**Stored data:**
☆ ☆ ☆

lemma Q_subalgebra_Rats: "Q_subalgebra \<rat>"
  using subfield_imp_Q_subalgebra[OF is_subfield_Rats] .

lemma algebraic_if_powers_dependent:
  assumes I: "finite I" "inj_on (\<lambda>i. z ^ i) I" and dep: "Q.dependent ((\<lambda>i. z ^ i) ` I)"
  obtains p where "poly_over \<rat> p" "p \<noteq> 0" "poly p z = 0"
proof -
  obtain T u where T: "T \<subseteq> (\<lambda>i. z ^ i) ` I" "(\<Sum>v\<in>T. qscale (u v) v) = 0" "\<exists>v\<in>T. u v \<noteq> 0"
    using dep unfolding Q.dependent_explicit by blast
  define c where "c i = (if z ^ i \<in> T then u (z ^ i) else 0)" for i
  define p where "p = (\<Sum>i\<in>I. monom (of_rat (c i) :: complex) i)"
  have coeff_p: "coeff p i = (if i \<in> I then of_rat (c i) else 0)" for i
    using I(1) by (simp add: p_def coeff_sum)
  obtain i where "i \<in> I" "z ^ i \<in> T" "u (z ^ i) \<noteq> 0" using T(1,3) by auto
  then have "coeff p i \<noteq> 0" by (simp add: coeff_p c_def)
  then have "p \<noteq> 0" by auto
  moreover have "poly_over \<rat> p" using coeff_p by (auto simp: poly_over_def)
  moreover have "poly p z = 0"
  proof -
    define J where "J = {i \<in> I. z ^ i \<in> T}"
    have "poly p z = (\<Sum>i\<in>I. of_rat (c i) * z ^ i)"
      by (simp add: p_def poly_sum poly_monom)
    also have "\<dots> = (\<Sum>i\<in>J. of_rat (u (z ^ i)) * z ^ i)"
      using I(1) by (intro sum.mono_neutral_cong_right) (auto simp: J_def c_def)
    also have "\<dots> = (\<Sum>v\<in>(\<lambda>i. z ^ i) ` J. of_rat (u v) * v)"
      by (rule sum.reindex[symmetric, unfolded comp_def])
        (rule inj_on_subset[OF I(2)], auto simp: J_def)
    also have "(\<lambda>i. z ^ i) ` J = T" using T(1) by (auto simp: J_def)
    finally show ?thesis using T(2) by (simp add: qscale_def)
  qed
  ultimately show ?thesis using that by blast
qed

lemma algebraic_if_powers_in_Q_finite_dim:
  assumes "Q_finite_dim V" "\<And>i. z ^ i \<in> V"
  obtains p where "poly_over \<rat> p" "p \<noteq> 0" "poly p z = 0"
proof -
  obtain W where W: "finite W" "V \<subseteq> Q.span W" using assms(1) Q_finite_dim_def by auto
  show ?thesis
  proof (cases "inj_on (\<lambda>i. z ^ i) {..card W}")
    case True
    have "card ((\<lambda>i. z ^ i) ` {..card W}) = card W + 1" using True by (simp add: card_image)
    moreover have "(\<lambda>i. z ^ i) ` {..card W} \<subseteq> Q.span W" using assms(2) W(2) by auto
    ultimately have "Q.dependent ((\<lambda>i. z ^ i) ` {..card W})"
      using Q.independent_span_bound[OF W(1)] by (metis Suc_eq_plus1 not_less_eq_eq order_refl)
    then show ?thesis using algebraic_if_powers_dependent[OF _ True] that by blast
  next
    case False
    then obtain i j where ij: "i \<noteq> j" "z ^ i = z ^ j" unfolding inj_on_def by auto
    define p where "p = monom (1::complex) j - monom 1 i"
    have "coeff p j = 1" using ij by (simp add: p_def)
    then have "p \<noteq> 0" by auto
    moreover have "poly p z = 0" using ij by (simp add: p_def poly_monom)
    moreover have "poly_over \<rat> p" by (auto simp: poly_over_def p_def)
    ultimately show ?thesis using that by blast
  qed
qed

lemma inverse_in_Q_subalgebra:
  assumes R: "Q_subalgebra R" and z: "z \<in> R" "z \<noteq> 0"
    and p: "poly_over \<rat> p" "p \<noteq> 0" "poly p z = 0"
  shows "inverse z \<in> R"
proof -
  \<comment> \<open>Write \<open>p = X\<^sup>k (c + X q')\<close> with \<open>c \<noteq> 0\<close>; then \<open>z\<^sup>-\<^sup>1 = - q'(z) / c\<close>.\<close>
  obtain q where q: "p = [:0, 1:] ^ order 0 p * q" "\<not> [:0, 1:] dvd q"
    using order_decomp[OF p(2), of 0] by auto
  have "[:0, 1:] ^ order 0 p = (monom 1 (order 0 p) :: complex poly)" by (simp add: monom_altdef)
  then have "coeff p (i + order 0 p) = coeff q i" for i
    by (subst q(1)) (simp add: coeff_monom_mult)
  then have q_over: "poly_over \<rat> q" using p(1) unfolding poly_over_def by metis
  obtain c q' where cq: "q = pCons c q'" by (cases q) auto
  have "poly q 0 \<noteq> 0" using q(2) by (simp add: poly_eq_0_iff_dvd)
  then have c: "c \<noteq> 0" "c \<in> \<rat>" using q_over cq by (auto simp: poly_over_def) (metis coeff_pCons_0)
  have "poly q z = 0" using p(3) z(2) by (subst (asm) q(1)) simp
  then have "c + z * poly q' z = 0" using cq by simp
  then have inverse_z: "inverse z = - poly q' z * inverse c" using z(2) c(1)
    by (simp add: field_simps) (metis add.commute add_eq_0_iff2)
  have "poly_over \<rat> q'" using q_over cq by (auto simp: poly_over_def) (metis coeff_pCons_Suc)
  then have "poly q' z \<in> R"
    using Q_subalgebra_poly[OF R poly_over_mono[OF _ Rats_subset_Q_subalgebra[OF R]] z(1)] by blast
  moreover have "inverse c \<in> R" using c Rats_subset_Q_subalgebra[OF R] by auto
  ultimately show ?thesis
    unfolding inverse_z using Q_subalgebra_mult[OF R] Q_subalgebra_uminus[OF R] by simp
qed

lemma Q_subalgebra_finite_dim_imp_subfield:
  assumes "Q_subalgebra R" "Q_finite_dim R"
  shows "is_subfield R"
proof -
  have "inverse z \<in> R" if z: "z \<in> R" "z \<noteq> 0" for z
  proof -
    obtain p where "poly_over \<rat> p" "p \<noteq> 0" "poly p z = 0"
      using algebraic_if_powers_in_Q_finite_dim[OF assms(2) Q_subalgebra_power[OF assms(1) z(1)]] .
    then show ?thesis using inverse_in_Q_subalgebra assms(1) z by blast
  qed
  then show ?thesis using assms(1)
    by (auto simp: is_subfield_def Q_subalgebra_0 Q_subalgebra_1 Q_subalgebra_add Q_subalgebra_mult
        Q_subalgebra_uminus)
qed

section \<open>Adjoining an algebraic element\<close>

lemma poly_over_divmod_monic:
  assumes F: "Q_subalgebra F" and r: "poly_over F r" "lead_coeff r = 1" "degree r > 0"
    and a: "poly_over F a"
  shows "\<exists>q m. poly_over F q \<and> poly_over F m \<and> a = q * r + m \<and> degree m < degree r"
  using a
proof (induction "degree a" arbitrary: a rule: less_induct)
  case (less a)
  show ?case
  proof (cases "degree a < degree r")
    case True
    then show ?thesis using less.prems poly_over_0[OF F] by (intro exI[of _ 0] exI[of _ a]) auto
  next
    case False
    define k where "k = degree a - degree r"
    define c where "c = lead_coeff a"
    define a' where "a' = a - monom c k * r"
    have c: "c \<in> F" using less.prems by (auto simp: poly_over_def c_def)
    have a': "poly_over F a'" unfolding a'_def
      by (intro poly_over_diff[OF F] poly_over_mult[OF F] poly_over_monom[OF F] less.prems r c)
    have "coeff a' j = 0" if "j \<ge> degree a" for j
    proof (cases "j = degree a")
      case True
      then have "j - k = degree r" "\<not> j < k" using False k_def by auto
      then show ?thesis using True r(2) by (simp add: a'_def coeff_monom_mult c_def)
    next
      case False
      then have "j - k > degree r" "\<not> j < k" using that k_def \<open>\<not> degree a < degree r\<close> by auto
      then show ?thesis using False that by (simp add: a'_def coeff_monom_mult coeff_eq_0)
    qed
    then have "degree a' < degree a"
      using degree_le[of "degree a - 1" a'] False r(3) by fastforce
    then obtain q m where qm: "poly_over F q" "poly_over F m" "a' = q * r + m" "degree m < degree r"
      using less.hyps a' by blast
    have "a = (q + monom c k) * r + m" using qm(3) by (simp add: a'_def algebra_simps)
    moreover have "poly_over F (q + monom c k)"
      using poly_over_add[OF F] poly_over_monom[OF F] qm(1) c by blast
    ultimately show ?thesis using qm by blast
  qed
qed

lemma monic_poly_over:
  assumes F: "is_subfield F" and p: "poly_over F p" "p \<noteq> 0"
  obtains r where "poly_over F r" "lead_coeff r = 1" "degree r = degree p"
    "\<And>x. poly r x = 0 \<longleftrightarrow> poly p x = 0"
proof
  have "lead_coeff p \<in> F" "lead_coeff p \<noteq> 0" using p by (auto simp: poly_over_def)
  then have "inverse (lead_coeff p) \<in> F" using F by (auto simp: is_subfield_def)
  then show "poly_over F (smult (inverse (lead_coeff p)) p)"
    using poly_over_smult[OF subfield_imp_Q_subalgebra[OF F]] p(1) by blast
qed (use p(2) in \<open>auto simp: lead_coeff_smult\<close>)
lemma pi2_in_G2: "pi2 la ra y \<in> G2 la ra"
  unfolding pi2_def G2_def by (simp add: tensA_ideal_tensA)

lemma mem_mS: "(x, y) \<in> mS la ra mult a \<longleftrightarrow> mult x y \<le> a"
  using mS_eq[OF balanced_mult] by simp

lemma mS_in_G2: "mS la ra mult a \<in> G2 la ra"
  using tensA_ideal_sublevel[OF balanced_mult] by (simp add: mS_eq[OF balanced_mult] G2_def)

lemma frame_hom_G2_eq:
  assumes h: "frame_hom (G2 la ra) Y h" and I: "I \<in> G2 la ra"
  shows "h I = cjoin Y {inf (h (pi1 la ra x)) (h (pi2 la ra y)) | x y. (x, y) \<in> I}"
proof -
  let ?T = "{tensA la ra x y | x y. (x, y) \<in> I}"
  have T: "?T \<subseteq> G2 la ra"
    using tensA_ideal_tensA by (auto simp: G2_def)
  have tensA: "h (tensA la ra x y) = inf (h (pi1 la ra x)) (h (pi2 la ra y))" for x y
    unfolding tensA_eq_pi1_Int_pi2 by (rule frame_hom_inf[OF h pi1_in_G2 pi2_in_G2])
  have "h I = h (cjoin (G2 la ra) ?T)"
    by (rule arg_cong[OF G2_eq_cjoin_tensA[OF I]])
  also have "\<dots> = cjoin Y (h ` ?T)"
    by (rule frame_hom_cjoin[OF h T])
  also have "h ` ?T = {inf (h (pi1 la ra x)) (h (pi2 la ra y)) | x y. (x, y) \<in> I}"
    unfolding tensA[symmetric] by blast
  finally show ?thesis .
qed

lemma frame_hom_G2_eqI:
  assumes "frame_hom (G2 la ra) Y h" and "frame_hom (G2 la ra) Y h'"
    and "\<And>x. h (pi1 la ra x) = h' (pi1 la ra x)" and "\<And>y. h (pi2 la ra y) = h' (pi2 la ra y)"
    and "I \<in> G2 la ra"
  shows "h I = h' I"
  using frame_hom_G2_eq[OF assms(1,5)] frame_hom_G2_eq[OF assms(2,5)] assms(3,4) by simp

definition twist :: "('q \<times> 'q) set \<Rightarrow> ('q \<times> 'q) set" where
  "twist I = {(x, y). (star y, star x) \<in> I}"

lemma twist_twist [simp]: "twist (twist I) = I"
  by (auto simp: twist_def)

lemma twist_subset_iff: "twist I \<subseteq> J \<longleftrightarrow> I \<subseteq> twist J"
  by (auto simp: twist_def)

lemma tensA_ideal_twist:
  assumes I: "tensA_ideal la ra I"
  shows "tensA_ideal la ra (twist I)"
proof (rule tensA_idealI)
  fix x y x' y' assume "(x, y) \<in> twist I" "x' \<le> x" "y' \<le> y"
  then show "(x', y') \<in> twist I"
    unfolding twist_def using tensA_ideal_down[OF I] star_mono by blast
next
  fix X y assume "\<And>x. x \<in> X \<Longrightarrow> (x, y) \<in> twist I"
  then have "(star y, Sup (star ` X)) \<in> I"
    by (intro tensA_ideal_Sup_right[OF I]) (auto simp: twist_def)
  then show "(Sup X, y) \<in> twist I"
    by (simp add: twist_def star_Sup)
next
  fix x Y assume "\<And>y. y \<in> Y \<Longrightarrow> (x, y) \<in> twist I"
  then have "(Sup (star ` Y), star x) \<in> I"
    by (intro tensA_ideal_Sup_left[OF I]) (auto simp: twist_def)
  then show "(x, Sup Y) \<in> twist I"
    by (simp add: twist_def star_Sup)
next
  fix x a y show "(ra x a, y) \<in> twist I \<longleftrightarrow> (x, la a y) \<in> twist I"
    unfolding twist_def by (simp add: star_ra star_la tensA_ideal_balanced[OF I])
qed

lemma frame_hom_twist: "frame_hom (G2 la ra) (G2 la ra) twist"
proof (rule frame_homI)
  fix S assume "S \<subseteq> G2 la ra"
  then show "twist (cjoin (G2 la ra) S) = cjoin (G2 la ra) (twist ` S)"
    using G2_Inf_closed tensA_ideal_twist twist_subset_iff
    by (intro cjoin_left_adjoint[where k = twist]) (auto simp: G2_def)
qed (auto simp: G2_def twist_def intro: tensA_ideal_twist[unfolded twist_def])

lemma twist_pi1: "twist (pi1 la ra x) = pi2 la ra (star x)"
proof -
  have "ra (star v) (supp (star u)) \<le> x \<longleftrightarrow> la (rsupp u) v \<le> star x" for u v
    by (metis star_le_iff star_la rsupp_def)
  then show ?thesis
    by (auto simp: twist_def mem_pi1 mem_pi2)
qed

lemma twist_pi2: "twist (pi2 la ra y) = pi1 la ra (star y)"
  by (metis twist_pi1 twist_twist star_star)

lemma twist_mS: "twist (mS la ra mult a) = mS la ra mult (star a)"
proof -
  have "mult (star y) (star x) \<le> a \<longleftrightarrow> mult x y \<le> star a" for x y
    by (metis star_mult star_le_iff)
  then show ?thesis
    by (auto simp: twist_def mem_mS)
qed

definition reverse3 :: "('q \<times> 'q \<times> 'q) set \<Rightarrow> ('q \<times> 'q \<times> 'q) set" where
  "reverse3 J = {(x, y, z). (star z, star y, star x) \<in> J}"

lemma reverse3_subset_iff: "reverse3 J \<subseteq> K \<longleftrightarrow> J \<subseteq> reverse3 K"
  by (auto simp: reverse3_def)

☆ ☆ ☆

**Task brief:** Within the data above, determine the number of lines that contain the word "unfolding"; write only that number.

**Answer space:** 10